Uvedale, who had proceeded M.A. in 1666, became LL.D. of Cambridge in 1682. In 1696 his neighbour, Archbishop John Tillotson, appointed Uvedale to the rectory of Orpington, Kent, with the chapelry of St Mary Cray, but he appears not to have resided. He died at Enfield on 17 August 1722, and was buried in the parish church.

==Horticulture==
As a horticulturist Uvedale earned a reputation for his skill in cultivating exotics, being one of the earliest possessors of hothouses in England.
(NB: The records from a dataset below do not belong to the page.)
lemma sf_mul_monom_monom:
  assumes "finite (xsupp \<beta>1)" "finite (xsupp \<beta>2)" "finite T1" "finite T2" "T1 \<inter> T2 = {}"
  shows "sf_mul (sf_monom \<beta>1 T1 c1) (sf_monom \<beta>2 T2 c2)
           = sf_monom (\<lambda>k. \<beta>1 k + \<beta>2 k) (T1 \<union> T2) (c1 * c2 * gsign T1 T2)"
proof (intro ext)
  fix \<alpha> S
  have fin: "finite (xsupp (\<lambda>k. \<beta>1 k + \<beta>2 k))"
    by (rule finite_subset[of _ "xsupp \<beta>1 \<union> xsupp \<beta>2"]) (use assms in \<open>auto simp: xsupp_def\<close>)
  have "((\<forall>i. \<beta>1 i \<le> \<alpha> i) \<and> T1 \<subseteq> S \<and> (\<lambda>i. \<alpha> i - \<beta>1 i) = \<beta>2 \<and> S - T1 = T2)
        \<longleftrightarrow> \<alpha> = (\<lambda>k. \<beta>1 k + \<beta>2 k) \<and> S = T1 \<union> T2"
    using assms(5) by (auto simp: fun_eq_iff) (metis le_add_diff_inverse)
  then show "sf_mul (sf_monom \<beta>1 T1 c1) (sf_monom \<beta>2 T2 c2) \<alpha> S
           = sf_monom (\<lambda>k. \<beta>1 k + \<beta>2 k) (T1 \<union> T2) (c1 * c2 * gsign T1 T2) \<alpha> S"
    using assms fin unfolding sf_mul_monom_left by (auto simp: sf_monom_def)
qed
In John Nichols's Literary Illustrations are sixty letters from Uvedale to Richard Richardson of North Bierley, dated between 1695 and 1721, mainly referring to the exchange of plants.

==Works==
Uvedale was invited to contribute the life of Dion to the translation of Plutarch, edited by Dryden, Somers, and others, published between 1683 and 1686. Uvedale's portion appeared in 1684.

==Legacy==
After his death Uvedale's growing plants were mostly sold to Sir Robert Walpole for his collection at Houghton Hall. His herbarium, in fourteen thick volumes, forms vols. 302–15 of the Sloane collection. It contains plants not only from Sherard, Richardson, Petiver, Plukenet, Robart, Rand, Dale, Doody, Sloane, and Du Bois, but also from Tournefort, Magnol, Vaillant, and other continental botanists, labelled by Uvedale. Petiver founded a genus Uvedalia in Uvedale's honour, which, however, became Polymnia Uvedalia of Linné, and Robert Brown gave the same name to a genus, Uvedalia, of Australian plants, merged by De Candolle into the genus Mimulus, and resurrected in 2012.

==Family==
Uvedale married Mary (1656–1740), second daughter of Edward Stephens of Charrington, Gloucestershire, granddaughter of Sir Matthew Hale. By her he had five daughters and three sons:

- Robert Uvedale, D.D., fellow of Trinity College, Cambridge, vicar of Enfield from 1721 till his death in 1731;
- James Uvedale, M.A., rector of Bishop's Cleeve, Gloucestershire; and
- Samuel Uvedale, B.A., rector of Barking, Suffolk, and father of Admiral Samuel Uvedale, who served with Lord Rodney.